REQUIRED WORK
Report the tally of lines featuring the word "assms" in the entries below, without anything else.

= Beginning of Section =

lemma x'_has_derivative:
  assumes "t > t\<^sub>0"
  shows "(x' has_vector_derivative - ((\<alpha> / t) *\<^sub>R x' t + g (y t) + e t)) (at t)"
proof -
  have "x'' t + ((\<alpha> / t) *\<^sub>R x' t + g (y t) + e t) = 0"
    using ode[of t] assms unfolding y_def bt_def by (simp add: add.assoc)
  then have "x'' t = - ((\<alpha> / t) *\<^sub>R x' t + g (y t) + e t)"
    using eq_neg_iff_add_eq_0 by blast
  then show ?thesis using x'_deriv[of t] at_within_eq_at[OF assms] assms by simp
qed

lemma acoef_has_derivative: "D t \<noteq> 0 \<Longrightarrow> (acoef b has_real_derivative acoef' b t) (at t)"
proof -
  assume "D t \<noteq> 0"
  have "acoef b = (\<lambda>s. (s ^ 4 - b * \<gamma> * s ^ 3 - b * \<beta> * s\<^sup>2) / D s)"
    unfolding acoef_def by (rule ext) (simp add: algebra_simps power2_eq_square power3_eq_cube power4_eq_xxxx)
  moreover have "((\<lambda>s. (s ^ 4 - b * \<gamma> * s ^ 3 - b * \<beta> * s\<^sup>2) / D s) has_real_derivative acoef' b t) (at t)"
    unfolding acoef'_def D_def using \<open>D t \<noteq> 0\<close>[unfolded D_def]
    by (auto intro!: derivative_eq_intros simp: power2_eq_square power3_eq_cube)
  ultimately show ?thesis by simp
qed

lemma acoef_cancellation:
  assumes "D t \<noteq> 0" "t \<noteq> 0"
  shows "acoef b t * (1 - \<beta> / t\<^sup>2 - \<alpha> * bt t / t) = t\<^sup>2 - t * b * bt t"
proof -
  have "1 - \<beta> / t\<^sup>2 - \<alpha> * bt t / t = D t / t\<^sup>2"
    unfolding D_def bt_def using assms(2) by (simp add: field_simps power2_eq_square)
  then show ?thesis unfolding acoef_def bt_def using assms by (simp add: field_simps power2_eq_square)
qed

lemma y_has_derivative:
  assumes "t > t\<^sub>0"
  shows "(y has_vector_derivative
           (1 - \<beta> / t\<^sup>2 - \<alpha> * bt t / t) *\<^sub>R x' t - bt t *\<^sub>R (g (y t) + e t)) (at t)"
proof -
  have "t \<noteq> 0" using assms t\<^sub>0_pos by simp
  then have "(bt has_real_derivative - \<beta> / t\<^sup>2) (at t)"
    unfolding bt_def[abs_def] by (auto intro!: derivative_eq_intros simp: power2_eq_square)
  then have "(y has_vector_derivative x' t + (bt t *\<^sub>R - ((\<alpha> / t) *\<^sub>R x' t + g (y t) + e t)
               + (- \<beta> / t\<^sup>2) *\<^sub>R x' t)) (at t)"
    unfolding y_def[abs_def]
    by (intro has_vector_derivative_add x_has_derivative has_vector_derivative_scaleR
        x'_has_derivative[OF assms, unfolded y_def] assms)
  then show ?thesis by (simp add: algebra_simps)
qed

lemma energy_has_derivative:
  assumes t: "t > t\<^sub>0" and "D t \<noteq> 0"
  shows "(energy z b has_real_derivative energy' z b t) (at t)"
proof -
  have "t \<noteq> 0" using t t\<^sub>0_pos by simp
  define w where "w = - ((\<alpha> / t) *\<^sub>R x' t + g (y t) + e t)"
  define c where "c = 1 - \<beta> / t\<^sup>2 - \<alpha> * bt t / t"
  have dx': "(x' has_vector_derivative w) (at t)"
    unfolding w_def by (rule x'_has_derivative[OF t])
  have dxz: "((\<lambda>s. x s - z) has_vector_derivative x' t) (at t)"
    using x_has_derivative[OF t] by (auto intro!: derivative_eq_intros)
  have dgap: "(gap z has_real_derivative inner (g (y t)) (c *\<^sub>R x' t - bt t *\<^sub>R (g (y t) + e t))) (at t)"
    unfolding gap_def[abs_def] c_def
    by (intro DERIV_diff[where E=0, simplified] has_real_derivative_compose_gradient[OF gradient]
        y_has_derivative t DERIV_const)
  have raw: "(energy z b has_real_derivative
        (acoef' b t * gap z t + inner (g (y t)) (c *\<^sub>R x' t - bt t *\<^sub>R (g (y t) + e t)) * acoef b t)
      + (t * inner (x' t) (x' t) + (inner w (x' t) + inner (x' t) w) * (t\<^sup>2 / 2))
      + (b * inner (x t - z) (x' t) + (inner (x' t) (x' t) + inner (x t - z) w) * (b * t))
      + b * (\<alpha> - 1) / 2 * (inner (x' t) (x t - z) + inner (x t - z) (x' t))) (at t)"
    unfolding energy_def[abs_def]
    by (intro DERIV_add DERIV_mult DERIV_cmult acoef_has_derivative \<open>D t \<noteq> 0\<close> dgap
        has_real_derivative_inner dx' dxz) (auto intro!: derivative_eq_intros)
  have "acoef b t * c = t\<^sup>2 - t * b * bt t"
    unfolding c_def using acoef_cancellation \<open>D t \<noteq> 0\<close> \<open>t \<noteq> 0\<close> by blast
  then have cancel: "c * (acoef b t * s) = (t\<^sup>2 - t * b * bt t) * s" for s
    by (metis mult.assoc mult.commute)
  have y_z: "inner (y t - z) (g (y t)) = inner (x t - z) (g (y t)) + bt t * inner (x' t) (g (y t))"
    unfolding y_def by (simp only: inner_add_left inner_diff_left inner_scaleR_left)
  show ?thesis
    using raw \<open>t \<noteq> 0\<close> unfolding energy'_def w_def y_z
    by (elim DERIV_cong) (simp add: cancel inner_add_left inner_add_right inner_diff_left inner_diff_right
        inner_commute algebra_simps power2_eq_square, simp add: field_simps)
qed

= End of Section =

ANSWER TO THE EXERCISE
6